1. Introduction
Monoclonal gammopathy is associated with various types of renal
injuries, such as light chain cast nephropathy (LCPT), AL amyloidosis,
and monoclonal immunoglobulin deposition disease, recently recognized as
monoclonal gammopathy of renal significance (MGRS). LCPT is a rare type
of MGRS, with approximately only 150–200 cases reported in the
literature [1–6]. In LCPT, monoclonal light chains secreted by
abnormal plasma cells accumulate in the proximal tubular cells and cause
proximal tubular dysfunction, which is clinically characterized by
tubular acidosis, normoglycemic glycosuria, aminoaciduria, and
hypophosphatemia, collectively called Fanconi syndrome [7].

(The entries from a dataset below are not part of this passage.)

(* Let $R$ be a $*$-ring. The following are equivalent: (1) ${\rm psr}(R)=1$. (2) For any $a,b\in R$ with $aR+bR=R$ there exists a projection $p$ such that $a+bp$ is right invertible. (3) For any $a,b\in R$ with $aR+bR=R$ there exists a projection $p$ such that $a+bp$ is left invertible.
   Context: A $*$-ring is a ring with identity with an involution $*$. A projection is $p$ with $p^2=p=p^*$. ${\rm psr}(R)=1$ means: for any $a,b\in R$ with $aR+bR=R$ there is a projection $p$ such that $a+bp$ is a unit. *)

theory Defs
  imports Main
begin

definition is_involution :: "('a::ring_1 \<Rightarrow> 'a) \<Rightarrow> bool" where
  "is_involution s \<longleftrightarrow>
     (\<forall>x y. s (x + y) = s x + s y) \<and>
     (\<forall>x y. s (x * y) = s y * s x) \<and>
     (\<forall>x. s (s x) = x)"

definition is_projection :: "('a::ring_1 \<Rightarrow> 'a) \<Rightarrow> 'a \<Rightarrow> bool" where
  "is_projection s p \<longleftrightarrow> p * p = p \<and> s p = p"

definition is_unit :: "'a::ring_1 \<Rightarrow> bool" where
  "is_unit u \<longleftrightarrow> (\<exists>v. u * v = 1 \<and> v * u = 1)"

definition right_invertible :: "'a::ring_1 \<Rightarrow> bool" where
  "right_invertible u \<longleftrightarrow> (\<exists>v. u * v = 1)"

definition left_invertible :: "'a::ring_1 \<Rightarrow> bool" where
  "left_invertible u \<longleftrightarrow> (\<exists>v. v * u = 1)"

definition right_comaximal :: "'a::ring_1 \<Rightarrow> 'a \<Rightarrow> bool" where
  "right_comaximal a b \<longleftrightarrow> {a * x + b * y | x y. True} = UNIV"

definition psr_one :: "('a::ring_1 \<Rightarrow> 'a) \<Rightarrow> bool" where
  "psr_one s \<longleftrightarrow> (\<forall>a b. right_comaximal a b \<longrightarrow>
      (\<exists>p. is_projection s p \<and> is_unit (a + b * p)))"

end

theory Submission
  imports Defs
begin

text \<open>Each of the one-sided conditions already forces every one-sided invertible element of the
  ring to be a unit; so any projection produced by (2) or (3) in fact makes \<open>a + b p\<close> a unit.
  If \<open>u v = 1\<close>, then \<open>v R + (1 - v u) R = R\<close>, and (2) yields \<open>q\<close> such that \<open>v' = v + (1 - v u) q\<close>
  is right invertible; as \<open>u v' = 1\<close> too, \<open>u\<close> has a right invertible right inverse, hence is a unit.
  If \<open>v u = 1\<close>, then \<open>v R + 0 R = R\<close> and (3) makes \<open>v\<close> itself left invertible.\<close>

lemma right_comaximalI:
  fixes a b :: "'a::ring_1"
  assumes "a * x + b * y = 1"
  shows "right_comaximal a b"
  unfolding right_comaximal_def
proof (intro set_eqI iffI)
  fix z :: 'a
  have "a * (x * z) + b * (y * z) = z"
    using assms by (metis distrib_right mult.assoc mult_1_left)
  then show "z \<in> {a * x + b * y | x y. True}" by (intro CollectI exI[of _ "x * z"] exI[of _ "y * z"]) simp
qed auto

lemma is_unit_imp_right_invertible: "is_unit u \<Longrightarrow> right_invertible u"
  unfolding is_unit_def right_invertible_def by blast

lemma is_unit_imp_left_invertible: "is_unit u \<Longrightarrow> left_invertible u"
  unfolding is_unit_def left_invertible_def by blast

lemma is_unit_if_right_inverse_right_invertible:
  fixes u v :: "'a::ring_1"
  assumes uv: "u * v = 1" and "right_invertible v"
  shows "is_unit u"
proof -
  obtain w where vw: "v * w = 1" using \<open>right_invertible v\<close> unfolding right_invertible_def by blast
  have "u = (u * v) * w" using vw by (simp add: mult.assoc)
  then have "u = w" using uv by simp
  with uv vw show ?thesis unfolding is_unit_def by blast
qed

lemma is_unit_if_left_inverse_left_invertible:
  fixes u v :: "'a::ring_1"
  assumes vu: "v * u = 1" and "left_invertible v"
  shows "is_unit u"
proof -
  obtain w where wv: "w * v = 1" using \<open>left_invertible v\<close> unfolding left_invertible_def by blast
  have "u = w * (v * u)" using wv by (simp flip: mult.assoc)
  then have "u = w" using vu by simp
  with vu wv show ?thesis unfolding is_unit_def by blast
qed

lemma is_unit_if_right_invertible:
  fixes s :: "'a::ring_1 \<Rightarrow> 'a" and u :: 'a
  assumes stable: "\<forall>a b. right_comaximal a b \<longrightarrow>
                     (\<exists>p. is_projection s p \<and> right_invertible (a + b * p))"
    and "right_invertible u"
  shows "is_unit u"
proof -
  obtain v where uv: "u * v = 1" using \<open>right_invertible u\<close> unfolding right_invertible_def by blast
  have "v * u + (1 - v * u) * 1 = 1" by simp
  then have "right_comaximal v (1 - v * u)" by (rule right_comaximalI)
  with stable obtain q where inv: "right_invertible (v + (1 - v * u) * q)" by blast
  have "u * (v + (1 - v * u) * q) = 1"
    using uv by (simp add: algebra_simps flip: mult.assoc)
  from this inv show ?thesis by (rule is_unit_if_right_inverse_right_invertible)
qed

lemma is_unit_if_left_invertible:
  fixes s :: "'a::ring_1 \<Rightarrow> 'a" and u :: 'a
  assumes stable: "\<forall>a b. right_comaximal a b \<longrightarrow>
                     (\<exists>p. is_projection s p \<and> left_invertible (a + b * p))"
    and "left_invertible u"
  shows "is_unit u"
proof -
  obtain v where vu: "v * u = 1" using \<open>left_invertible u\<close> unfolding left_invertible_def by blast
  have "v * u + 0 * 0 = 1" using vu by simp
  then have "right_comaximal v 0" by (rule right_comaximalI)
  with stable obtain p where "left_invertible (v + 0 * p)" by blast
  then have "left_invertible v" by simp
  with vu show ?thesis by (rule is_unit_if_left_inverse_left_invertible)
qed

theorem proposition4p2:
  fixes s :: "'a::ring_1 \<Rightarrow> 'a"
  assumes "is_involution s"
  shows "(psr_one s \<longleftrightarrow>
           (\<forall>a b. right_comaximal a b \<longrightarrow>
              (\<exists>p. is_projection s p \<and> right_invertible (a + b * p))))
       \<and> (psr_one s \<longleftrightarrow>
           (\<forall>a b. right_comaximal a b \<longrightarrow>
              (\<exists>p. is_projection s p \<and> left_invertible (a + b * p))))"
  unfolding psr_one_def
  using is_unit_imp_right_invertible is_unit_imp_left_invertible
    is_unit_if_right_invertible[of s] is_unit_if_left_invertible[of s]
  by meson

end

Diagnosis of LCPT is confirmed by findings of renal biopsy and the
presence of specific histological features, including cytoplasmic
monoclonal light chain inclusions and an increased number of lysosomes
in the proximal tubular cells, which are sometimes only detectable by
electron microscopy [8]. In addition, the coexistence of LCPT and
other paraprotein-related kidney disease has been reported [9–11],
which makes the diagnosis more difficult. LCPT often presents as a
slowly progressive renal impairment; however, some patients develop
end-stage kidney disease or aggressive multiple myeloma [7].
Although the treatment strategy for MGRS has not yet been established
due to the rarity and lack of familiarity of this entity, several
studies have shown that improvement in renal function can be achieved
with hematologic response to chemotherapy, commonly bortezomib for
plasma cell dyscrasia, and rituximab for B cell lymphoproliferative
disease. Some case reports and case series have shown that chemotherapy
directed at multiple myeloma is also effective for LCPT [1–4], but
only a few case reports have described its clinical course, and the
optimal treatment strategy remains unknown.
Herein, we describe the case of a patient with LCPT and severe kidney
injury who received bortezomib-based chemotherapy and autologous stem
cell transplantation (ASCT). This case report illustrates new insight
into the optimal treatment strategy for LCPT in the future.